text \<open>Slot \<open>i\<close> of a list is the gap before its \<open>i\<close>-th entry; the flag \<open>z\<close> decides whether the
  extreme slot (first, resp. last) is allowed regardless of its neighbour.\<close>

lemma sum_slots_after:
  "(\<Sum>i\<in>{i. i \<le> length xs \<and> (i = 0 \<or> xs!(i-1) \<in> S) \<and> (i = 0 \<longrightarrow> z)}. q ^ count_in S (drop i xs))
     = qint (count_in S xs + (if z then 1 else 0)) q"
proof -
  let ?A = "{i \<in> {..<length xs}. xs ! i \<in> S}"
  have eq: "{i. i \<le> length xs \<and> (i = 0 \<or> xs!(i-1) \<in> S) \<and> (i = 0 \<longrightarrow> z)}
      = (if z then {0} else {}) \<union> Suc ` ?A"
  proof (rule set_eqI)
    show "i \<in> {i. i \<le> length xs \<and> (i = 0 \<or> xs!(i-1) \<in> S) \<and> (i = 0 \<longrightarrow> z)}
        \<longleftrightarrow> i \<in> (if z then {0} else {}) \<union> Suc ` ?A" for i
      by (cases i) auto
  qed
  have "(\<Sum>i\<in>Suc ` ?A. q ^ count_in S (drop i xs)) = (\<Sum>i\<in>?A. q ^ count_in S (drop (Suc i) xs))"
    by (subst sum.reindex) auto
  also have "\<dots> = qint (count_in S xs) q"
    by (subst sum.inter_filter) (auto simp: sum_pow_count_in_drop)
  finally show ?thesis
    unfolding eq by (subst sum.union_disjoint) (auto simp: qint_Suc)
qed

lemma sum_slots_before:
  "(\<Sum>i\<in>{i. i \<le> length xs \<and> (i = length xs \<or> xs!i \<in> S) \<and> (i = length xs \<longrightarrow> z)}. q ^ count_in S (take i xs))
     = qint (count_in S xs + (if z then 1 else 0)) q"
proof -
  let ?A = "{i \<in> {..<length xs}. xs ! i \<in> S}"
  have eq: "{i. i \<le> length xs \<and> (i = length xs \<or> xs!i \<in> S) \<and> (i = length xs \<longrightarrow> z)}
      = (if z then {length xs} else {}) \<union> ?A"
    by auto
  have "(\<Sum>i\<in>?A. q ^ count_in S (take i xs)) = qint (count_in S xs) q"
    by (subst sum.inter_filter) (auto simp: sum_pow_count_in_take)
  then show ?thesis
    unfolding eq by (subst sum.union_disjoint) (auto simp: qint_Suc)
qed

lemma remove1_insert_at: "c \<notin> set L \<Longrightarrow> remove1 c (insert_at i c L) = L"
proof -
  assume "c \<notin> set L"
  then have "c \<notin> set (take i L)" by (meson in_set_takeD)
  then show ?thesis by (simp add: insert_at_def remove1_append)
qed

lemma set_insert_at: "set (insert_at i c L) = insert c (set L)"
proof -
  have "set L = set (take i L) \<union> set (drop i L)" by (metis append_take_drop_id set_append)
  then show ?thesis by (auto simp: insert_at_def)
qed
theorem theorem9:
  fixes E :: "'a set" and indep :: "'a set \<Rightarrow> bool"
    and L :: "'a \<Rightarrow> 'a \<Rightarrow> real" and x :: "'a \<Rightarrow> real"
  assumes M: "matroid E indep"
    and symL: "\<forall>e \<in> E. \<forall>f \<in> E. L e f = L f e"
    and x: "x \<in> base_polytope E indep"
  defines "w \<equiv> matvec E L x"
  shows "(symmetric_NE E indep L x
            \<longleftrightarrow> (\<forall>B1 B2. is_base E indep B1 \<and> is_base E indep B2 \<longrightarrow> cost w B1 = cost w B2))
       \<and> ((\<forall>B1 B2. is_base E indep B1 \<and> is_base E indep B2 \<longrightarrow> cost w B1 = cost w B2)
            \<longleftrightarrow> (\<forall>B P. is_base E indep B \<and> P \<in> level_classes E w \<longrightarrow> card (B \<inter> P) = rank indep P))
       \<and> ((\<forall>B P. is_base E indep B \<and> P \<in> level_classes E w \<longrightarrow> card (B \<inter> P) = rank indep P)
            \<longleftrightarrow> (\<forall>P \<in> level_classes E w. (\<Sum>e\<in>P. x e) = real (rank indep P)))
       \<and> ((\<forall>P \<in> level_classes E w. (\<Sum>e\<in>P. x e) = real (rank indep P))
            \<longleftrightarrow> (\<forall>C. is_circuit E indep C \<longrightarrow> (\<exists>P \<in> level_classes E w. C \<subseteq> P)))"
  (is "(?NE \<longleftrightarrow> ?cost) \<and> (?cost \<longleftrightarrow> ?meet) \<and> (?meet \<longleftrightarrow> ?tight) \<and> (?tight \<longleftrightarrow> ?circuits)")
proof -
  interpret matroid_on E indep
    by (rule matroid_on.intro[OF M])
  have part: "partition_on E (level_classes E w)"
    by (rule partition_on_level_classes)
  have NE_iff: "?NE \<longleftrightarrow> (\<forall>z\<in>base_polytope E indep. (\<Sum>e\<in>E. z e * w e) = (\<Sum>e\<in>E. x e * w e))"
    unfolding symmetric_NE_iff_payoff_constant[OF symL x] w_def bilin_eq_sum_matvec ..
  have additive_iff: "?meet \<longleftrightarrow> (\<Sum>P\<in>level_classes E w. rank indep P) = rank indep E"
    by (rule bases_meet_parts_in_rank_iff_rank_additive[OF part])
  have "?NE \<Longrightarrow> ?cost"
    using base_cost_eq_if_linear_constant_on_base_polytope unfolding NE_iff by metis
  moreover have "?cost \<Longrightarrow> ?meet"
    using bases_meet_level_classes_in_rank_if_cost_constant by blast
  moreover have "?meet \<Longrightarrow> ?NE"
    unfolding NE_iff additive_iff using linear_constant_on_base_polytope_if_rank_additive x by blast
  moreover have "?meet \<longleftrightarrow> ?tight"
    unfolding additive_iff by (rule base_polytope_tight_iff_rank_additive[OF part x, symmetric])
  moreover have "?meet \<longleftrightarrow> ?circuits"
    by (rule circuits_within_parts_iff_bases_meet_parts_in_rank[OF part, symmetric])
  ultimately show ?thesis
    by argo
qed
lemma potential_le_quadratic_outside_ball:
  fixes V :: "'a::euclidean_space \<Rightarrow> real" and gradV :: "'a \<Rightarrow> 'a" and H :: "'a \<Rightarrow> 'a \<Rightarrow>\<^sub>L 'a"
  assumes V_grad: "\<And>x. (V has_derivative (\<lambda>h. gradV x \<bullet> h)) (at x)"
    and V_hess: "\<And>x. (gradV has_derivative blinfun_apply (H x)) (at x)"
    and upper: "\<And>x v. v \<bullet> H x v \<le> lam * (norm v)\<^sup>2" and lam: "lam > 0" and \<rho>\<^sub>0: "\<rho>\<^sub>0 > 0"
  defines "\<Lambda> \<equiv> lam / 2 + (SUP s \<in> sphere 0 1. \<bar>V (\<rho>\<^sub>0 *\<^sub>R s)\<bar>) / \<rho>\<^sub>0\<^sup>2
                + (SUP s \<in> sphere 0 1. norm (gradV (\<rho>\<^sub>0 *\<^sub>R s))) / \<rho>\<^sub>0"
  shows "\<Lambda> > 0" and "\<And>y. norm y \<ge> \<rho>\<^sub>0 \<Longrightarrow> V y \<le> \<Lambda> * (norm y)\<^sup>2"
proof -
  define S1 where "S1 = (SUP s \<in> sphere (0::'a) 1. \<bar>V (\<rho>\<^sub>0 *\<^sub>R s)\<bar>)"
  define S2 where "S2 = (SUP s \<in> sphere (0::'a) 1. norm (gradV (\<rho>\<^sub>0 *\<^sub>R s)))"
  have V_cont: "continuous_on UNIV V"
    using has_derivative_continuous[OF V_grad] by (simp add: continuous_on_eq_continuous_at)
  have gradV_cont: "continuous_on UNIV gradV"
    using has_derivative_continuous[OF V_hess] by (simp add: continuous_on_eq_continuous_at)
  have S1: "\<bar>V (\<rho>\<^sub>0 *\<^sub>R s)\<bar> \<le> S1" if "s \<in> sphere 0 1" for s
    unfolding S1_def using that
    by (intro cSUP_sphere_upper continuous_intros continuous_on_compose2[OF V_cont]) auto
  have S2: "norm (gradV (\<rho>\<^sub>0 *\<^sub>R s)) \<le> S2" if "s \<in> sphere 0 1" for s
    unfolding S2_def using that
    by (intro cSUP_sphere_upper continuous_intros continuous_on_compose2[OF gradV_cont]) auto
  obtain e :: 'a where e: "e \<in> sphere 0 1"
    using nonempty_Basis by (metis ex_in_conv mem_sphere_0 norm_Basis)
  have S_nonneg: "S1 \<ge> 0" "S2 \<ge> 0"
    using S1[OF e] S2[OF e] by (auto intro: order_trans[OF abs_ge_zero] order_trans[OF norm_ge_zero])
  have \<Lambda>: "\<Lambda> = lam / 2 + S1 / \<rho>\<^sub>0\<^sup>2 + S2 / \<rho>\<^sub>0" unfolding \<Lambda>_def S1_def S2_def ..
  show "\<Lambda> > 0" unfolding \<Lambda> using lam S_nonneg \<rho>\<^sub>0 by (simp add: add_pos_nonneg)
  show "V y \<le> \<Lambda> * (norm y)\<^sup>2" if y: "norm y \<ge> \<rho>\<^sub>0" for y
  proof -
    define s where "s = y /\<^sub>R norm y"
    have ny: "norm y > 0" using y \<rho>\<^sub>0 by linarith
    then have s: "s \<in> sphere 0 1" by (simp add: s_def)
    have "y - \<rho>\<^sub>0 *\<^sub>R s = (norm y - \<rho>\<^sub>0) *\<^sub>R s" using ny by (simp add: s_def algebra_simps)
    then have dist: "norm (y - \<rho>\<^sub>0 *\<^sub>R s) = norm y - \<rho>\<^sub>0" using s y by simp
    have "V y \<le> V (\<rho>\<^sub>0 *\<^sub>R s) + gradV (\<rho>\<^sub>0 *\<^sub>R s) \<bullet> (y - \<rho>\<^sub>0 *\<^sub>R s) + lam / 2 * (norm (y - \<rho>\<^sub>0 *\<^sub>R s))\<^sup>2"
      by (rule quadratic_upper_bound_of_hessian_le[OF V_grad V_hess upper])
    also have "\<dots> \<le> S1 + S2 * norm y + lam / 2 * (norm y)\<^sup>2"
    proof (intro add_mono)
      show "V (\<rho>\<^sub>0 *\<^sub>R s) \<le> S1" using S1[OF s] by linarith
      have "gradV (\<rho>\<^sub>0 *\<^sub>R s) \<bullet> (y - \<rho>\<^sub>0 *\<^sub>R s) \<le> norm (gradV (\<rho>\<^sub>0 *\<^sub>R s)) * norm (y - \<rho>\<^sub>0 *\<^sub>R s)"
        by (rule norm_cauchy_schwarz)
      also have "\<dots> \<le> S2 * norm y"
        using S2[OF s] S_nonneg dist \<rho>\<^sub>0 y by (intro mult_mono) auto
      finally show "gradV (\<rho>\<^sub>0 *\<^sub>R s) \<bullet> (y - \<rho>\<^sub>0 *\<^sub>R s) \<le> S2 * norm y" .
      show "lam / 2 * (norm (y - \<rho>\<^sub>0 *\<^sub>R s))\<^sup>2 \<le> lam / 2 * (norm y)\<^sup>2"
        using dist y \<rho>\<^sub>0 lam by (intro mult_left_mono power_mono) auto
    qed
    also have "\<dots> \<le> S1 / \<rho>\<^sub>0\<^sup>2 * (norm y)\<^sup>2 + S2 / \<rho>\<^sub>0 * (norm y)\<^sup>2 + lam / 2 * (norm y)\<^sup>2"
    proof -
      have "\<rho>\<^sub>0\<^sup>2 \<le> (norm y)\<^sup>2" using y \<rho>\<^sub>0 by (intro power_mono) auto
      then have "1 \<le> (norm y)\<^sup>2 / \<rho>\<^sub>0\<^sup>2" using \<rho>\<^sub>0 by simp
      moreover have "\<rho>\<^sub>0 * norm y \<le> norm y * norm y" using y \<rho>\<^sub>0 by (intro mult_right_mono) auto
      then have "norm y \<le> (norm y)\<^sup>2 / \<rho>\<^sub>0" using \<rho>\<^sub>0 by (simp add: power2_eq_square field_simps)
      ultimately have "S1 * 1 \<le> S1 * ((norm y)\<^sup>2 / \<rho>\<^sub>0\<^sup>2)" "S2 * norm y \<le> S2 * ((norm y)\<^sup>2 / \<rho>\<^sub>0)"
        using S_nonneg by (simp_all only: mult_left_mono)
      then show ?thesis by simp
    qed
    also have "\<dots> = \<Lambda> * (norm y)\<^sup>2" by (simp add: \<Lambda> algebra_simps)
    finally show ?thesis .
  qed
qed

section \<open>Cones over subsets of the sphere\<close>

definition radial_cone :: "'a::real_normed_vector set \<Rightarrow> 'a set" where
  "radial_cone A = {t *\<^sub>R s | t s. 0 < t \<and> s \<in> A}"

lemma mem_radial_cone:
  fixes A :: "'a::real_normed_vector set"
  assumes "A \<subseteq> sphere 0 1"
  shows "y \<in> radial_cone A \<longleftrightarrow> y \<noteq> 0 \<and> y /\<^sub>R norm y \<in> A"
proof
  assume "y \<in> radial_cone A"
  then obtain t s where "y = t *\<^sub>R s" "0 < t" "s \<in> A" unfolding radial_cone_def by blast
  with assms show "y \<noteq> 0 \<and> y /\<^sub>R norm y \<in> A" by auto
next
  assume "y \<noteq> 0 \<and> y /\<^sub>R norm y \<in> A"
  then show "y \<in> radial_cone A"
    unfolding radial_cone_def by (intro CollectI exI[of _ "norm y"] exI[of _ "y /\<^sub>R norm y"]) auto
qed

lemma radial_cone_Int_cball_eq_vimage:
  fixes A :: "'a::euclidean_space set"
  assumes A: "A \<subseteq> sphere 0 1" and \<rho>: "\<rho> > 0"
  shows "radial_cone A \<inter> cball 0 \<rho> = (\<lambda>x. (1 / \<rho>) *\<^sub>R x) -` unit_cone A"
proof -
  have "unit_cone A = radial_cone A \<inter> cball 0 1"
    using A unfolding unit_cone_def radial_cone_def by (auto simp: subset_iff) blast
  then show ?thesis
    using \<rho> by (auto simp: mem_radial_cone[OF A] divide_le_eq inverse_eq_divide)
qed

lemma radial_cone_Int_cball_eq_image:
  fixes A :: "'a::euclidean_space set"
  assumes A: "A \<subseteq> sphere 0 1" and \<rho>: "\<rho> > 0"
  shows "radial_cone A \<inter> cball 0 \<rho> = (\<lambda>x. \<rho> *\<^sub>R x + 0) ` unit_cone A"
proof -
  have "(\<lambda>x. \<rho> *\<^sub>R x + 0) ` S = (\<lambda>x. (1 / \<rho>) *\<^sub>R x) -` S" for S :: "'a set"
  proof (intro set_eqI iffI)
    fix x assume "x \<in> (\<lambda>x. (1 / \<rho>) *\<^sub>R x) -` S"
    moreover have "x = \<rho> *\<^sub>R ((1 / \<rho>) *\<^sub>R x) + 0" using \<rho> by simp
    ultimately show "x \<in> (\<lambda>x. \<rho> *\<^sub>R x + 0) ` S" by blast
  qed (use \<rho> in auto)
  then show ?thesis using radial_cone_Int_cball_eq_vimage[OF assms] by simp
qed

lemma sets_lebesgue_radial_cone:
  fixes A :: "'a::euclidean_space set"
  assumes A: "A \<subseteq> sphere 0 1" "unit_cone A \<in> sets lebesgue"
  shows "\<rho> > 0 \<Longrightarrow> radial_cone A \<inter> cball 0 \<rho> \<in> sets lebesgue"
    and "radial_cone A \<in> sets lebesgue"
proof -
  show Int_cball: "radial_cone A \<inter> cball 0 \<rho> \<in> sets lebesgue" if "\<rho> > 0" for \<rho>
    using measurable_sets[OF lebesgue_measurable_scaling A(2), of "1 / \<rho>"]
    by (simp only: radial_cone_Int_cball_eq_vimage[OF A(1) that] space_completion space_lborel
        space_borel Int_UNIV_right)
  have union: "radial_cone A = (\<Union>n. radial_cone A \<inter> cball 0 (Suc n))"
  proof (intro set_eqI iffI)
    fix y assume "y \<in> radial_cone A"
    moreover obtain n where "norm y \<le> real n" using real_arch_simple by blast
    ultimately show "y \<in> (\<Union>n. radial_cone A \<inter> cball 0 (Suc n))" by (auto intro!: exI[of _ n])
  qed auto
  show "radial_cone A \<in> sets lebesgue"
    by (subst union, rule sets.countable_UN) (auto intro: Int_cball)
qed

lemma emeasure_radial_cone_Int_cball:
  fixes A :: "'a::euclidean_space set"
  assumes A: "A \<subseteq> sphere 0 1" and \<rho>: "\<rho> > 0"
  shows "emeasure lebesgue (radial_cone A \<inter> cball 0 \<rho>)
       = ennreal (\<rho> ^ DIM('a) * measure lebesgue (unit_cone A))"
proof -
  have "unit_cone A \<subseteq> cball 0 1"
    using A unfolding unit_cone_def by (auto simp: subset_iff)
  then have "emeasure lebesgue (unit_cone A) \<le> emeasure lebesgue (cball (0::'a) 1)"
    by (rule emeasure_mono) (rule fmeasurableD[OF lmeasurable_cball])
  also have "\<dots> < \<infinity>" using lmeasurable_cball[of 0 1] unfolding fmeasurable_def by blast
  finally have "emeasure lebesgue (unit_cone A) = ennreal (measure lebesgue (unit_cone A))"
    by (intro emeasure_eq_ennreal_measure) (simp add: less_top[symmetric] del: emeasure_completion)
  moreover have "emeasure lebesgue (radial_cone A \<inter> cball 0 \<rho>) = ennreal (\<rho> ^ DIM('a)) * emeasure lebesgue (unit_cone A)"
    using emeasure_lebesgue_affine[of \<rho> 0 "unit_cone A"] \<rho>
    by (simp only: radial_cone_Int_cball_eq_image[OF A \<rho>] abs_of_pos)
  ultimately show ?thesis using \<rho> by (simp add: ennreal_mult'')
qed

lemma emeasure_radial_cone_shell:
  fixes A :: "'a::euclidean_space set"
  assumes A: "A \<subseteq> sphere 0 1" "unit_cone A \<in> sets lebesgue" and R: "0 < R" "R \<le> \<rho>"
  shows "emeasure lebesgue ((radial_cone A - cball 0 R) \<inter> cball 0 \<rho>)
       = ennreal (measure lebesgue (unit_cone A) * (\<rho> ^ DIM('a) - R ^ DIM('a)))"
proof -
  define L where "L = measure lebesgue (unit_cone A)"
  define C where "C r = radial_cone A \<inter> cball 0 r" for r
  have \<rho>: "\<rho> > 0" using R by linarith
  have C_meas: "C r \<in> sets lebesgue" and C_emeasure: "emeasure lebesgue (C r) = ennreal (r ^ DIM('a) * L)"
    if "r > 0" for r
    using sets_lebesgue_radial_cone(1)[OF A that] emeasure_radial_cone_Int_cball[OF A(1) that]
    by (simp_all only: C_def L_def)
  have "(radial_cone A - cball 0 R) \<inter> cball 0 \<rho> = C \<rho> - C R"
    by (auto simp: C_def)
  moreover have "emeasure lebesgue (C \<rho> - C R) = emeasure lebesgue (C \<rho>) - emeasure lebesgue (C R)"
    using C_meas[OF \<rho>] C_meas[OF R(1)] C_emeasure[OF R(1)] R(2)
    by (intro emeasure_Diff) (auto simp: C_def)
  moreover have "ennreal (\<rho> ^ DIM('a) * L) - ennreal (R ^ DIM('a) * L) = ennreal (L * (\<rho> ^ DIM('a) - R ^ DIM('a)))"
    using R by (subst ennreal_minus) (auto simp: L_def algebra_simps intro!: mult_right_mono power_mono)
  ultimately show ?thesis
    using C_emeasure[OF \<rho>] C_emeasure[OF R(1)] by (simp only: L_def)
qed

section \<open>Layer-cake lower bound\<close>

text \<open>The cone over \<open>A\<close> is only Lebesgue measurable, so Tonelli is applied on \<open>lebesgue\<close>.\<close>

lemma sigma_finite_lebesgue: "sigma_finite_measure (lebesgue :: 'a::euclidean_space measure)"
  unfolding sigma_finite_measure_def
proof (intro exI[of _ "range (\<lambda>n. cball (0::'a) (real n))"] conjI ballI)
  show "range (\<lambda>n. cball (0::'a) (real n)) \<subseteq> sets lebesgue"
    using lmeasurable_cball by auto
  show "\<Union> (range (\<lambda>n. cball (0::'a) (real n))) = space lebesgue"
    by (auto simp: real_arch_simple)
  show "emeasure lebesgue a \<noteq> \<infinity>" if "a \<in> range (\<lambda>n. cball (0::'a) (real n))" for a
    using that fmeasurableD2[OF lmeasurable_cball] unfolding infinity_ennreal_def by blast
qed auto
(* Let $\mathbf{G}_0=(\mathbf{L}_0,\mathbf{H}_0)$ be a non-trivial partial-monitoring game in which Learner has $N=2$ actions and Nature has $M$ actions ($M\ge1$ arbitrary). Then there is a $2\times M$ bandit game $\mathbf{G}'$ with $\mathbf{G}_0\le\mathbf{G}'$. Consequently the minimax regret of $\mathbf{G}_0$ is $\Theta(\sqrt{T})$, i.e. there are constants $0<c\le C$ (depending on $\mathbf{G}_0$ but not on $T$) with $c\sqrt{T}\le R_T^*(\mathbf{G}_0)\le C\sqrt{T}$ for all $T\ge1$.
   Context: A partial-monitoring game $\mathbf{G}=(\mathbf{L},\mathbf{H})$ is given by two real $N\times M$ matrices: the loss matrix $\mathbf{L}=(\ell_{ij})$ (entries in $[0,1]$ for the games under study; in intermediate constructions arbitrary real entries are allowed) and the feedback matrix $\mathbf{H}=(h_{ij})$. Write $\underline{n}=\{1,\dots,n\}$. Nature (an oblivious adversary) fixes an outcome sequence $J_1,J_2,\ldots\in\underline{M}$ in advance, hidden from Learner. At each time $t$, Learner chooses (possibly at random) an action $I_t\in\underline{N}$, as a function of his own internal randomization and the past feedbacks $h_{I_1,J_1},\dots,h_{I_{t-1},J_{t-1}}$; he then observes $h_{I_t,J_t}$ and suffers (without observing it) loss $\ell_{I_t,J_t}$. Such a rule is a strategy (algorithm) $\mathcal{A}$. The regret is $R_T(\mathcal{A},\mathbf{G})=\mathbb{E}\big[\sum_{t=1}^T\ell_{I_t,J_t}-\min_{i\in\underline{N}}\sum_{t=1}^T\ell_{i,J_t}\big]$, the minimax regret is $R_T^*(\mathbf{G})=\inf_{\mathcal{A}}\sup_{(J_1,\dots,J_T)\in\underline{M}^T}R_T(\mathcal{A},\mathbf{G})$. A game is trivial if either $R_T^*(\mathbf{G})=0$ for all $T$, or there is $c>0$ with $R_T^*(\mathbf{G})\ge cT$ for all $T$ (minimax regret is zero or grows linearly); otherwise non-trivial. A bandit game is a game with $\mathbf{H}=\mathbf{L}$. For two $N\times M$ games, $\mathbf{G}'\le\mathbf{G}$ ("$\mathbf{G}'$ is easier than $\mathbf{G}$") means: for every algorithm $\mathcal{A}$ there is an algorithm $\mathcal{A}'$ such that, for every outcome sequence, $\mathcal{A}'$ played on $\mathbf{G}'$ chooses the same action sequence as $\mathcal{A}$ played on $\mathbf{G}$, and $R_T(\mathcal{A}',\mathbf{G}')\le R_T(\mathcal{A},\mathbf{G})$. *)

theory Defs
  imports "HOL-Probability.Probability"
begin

********************

> What is needed: Could you transcribe the entries above word for word, from the line with "proof (intro add_mono)" down to the line with "0 < t \<and>", keeping both?

> Solution to this problem:
    proof (intro add_mono)
      show "V (\<rho>\<^sub>0 *\<^sub>R s) \<le> S1" using S1[OF s] by linarith
      have "gradV (\<rho>\<^sub>0 *\<^sub>R s) \<bullet> (y - \<rho>\<^sub>0 *\<^sub>R s) \<le> norm (gradV (\<rho>\<^sub>0 *\<^sub>R s)) * norm (y - \<rho>\<^sub>0 *\<^sub>R s)"
        by (rule norm_cauchy_schwarz)
      also have "\<dots> \<le> S2 * norm y"
        using S2[OF s] S_nonneg dist \<rho>\<^sub>0 y by (intro mult_mono) auto
      finally show "gradV (\<rho>\<^sub>0 *\<^sub>R s) \<bullet> (y - \<rho>\<^sub>0 *\<^sub>R s) \<le> S2 * norm y" .
      show "lam / 2 * (norm (y - \<rho>\<^sub>0 *\<^sub>R s))\<^sup>2 \<le> lam / 2 * (norm y)\<^sup>2"
        using dist y \<rho>\<^sub>0 lam by (intro mult_left_mono power_mono) auto
    qed
    also have "\<dots> \<le> S1 / \<rho>\<^sub>0\<^sup>2 * (norm y)\<^sup>2 + S2 / \<rho>\<^sub>0 * (norm y)\<^sup>2 + lam / 2 * (norm y)\<^sup>2"
    proof -
      have "\<rho>\<^sub>0\<^sup>2 \<le> (norm y)\<^sup>2" using y \<rho>\<^sub>0 by (intro power_mono) auto
      then have "1 \<le> (norm y)\<^sup>2 / \<rho>\<^sub>0\<^sup>2" using \<rho>\<^sub>0 by simp
      moreover have "\<rho>\<^sub>0 * norm y \<le> norm y * norm y" using y \<rho>\<^sub>0 by (intro mult_right_mono) auto
      then have "norm y \<le> (norm y)\<^sup>2 / \<rho>\<^sub>0" using \<rho>\<^sub>0 by (simp add: power2_eq_square field_simps)
      ultimately have "S1 * 1 \<le> S1 * ((norm y)\<^sup>2 / \<rho>\<^sub>0\<^sup>2)" "S2 * norm y \<le> S2 * ((norm y)\<^sup>2 / \<rho>\<^sub>0)"
        using S_nonneg by (simp_all only: mult_left_mono)
      then show ?thesis by simp
    qed
    also have "\<dots> = \<Lambda> * (norm y)\<^sup>2" by (simp add: \<Lambda> algebra_simps)
    finally show ?thesis .
  qed
qed

section \<open>Cones over subsets of the sphere\<close>

definition radial_cone :: "'a::real_normed_vector set \<Rightarrow> 'a set" where
  "radial_cone A = {t *\<^sub>R s | t s. 0 < t \<and> s \<in> A}"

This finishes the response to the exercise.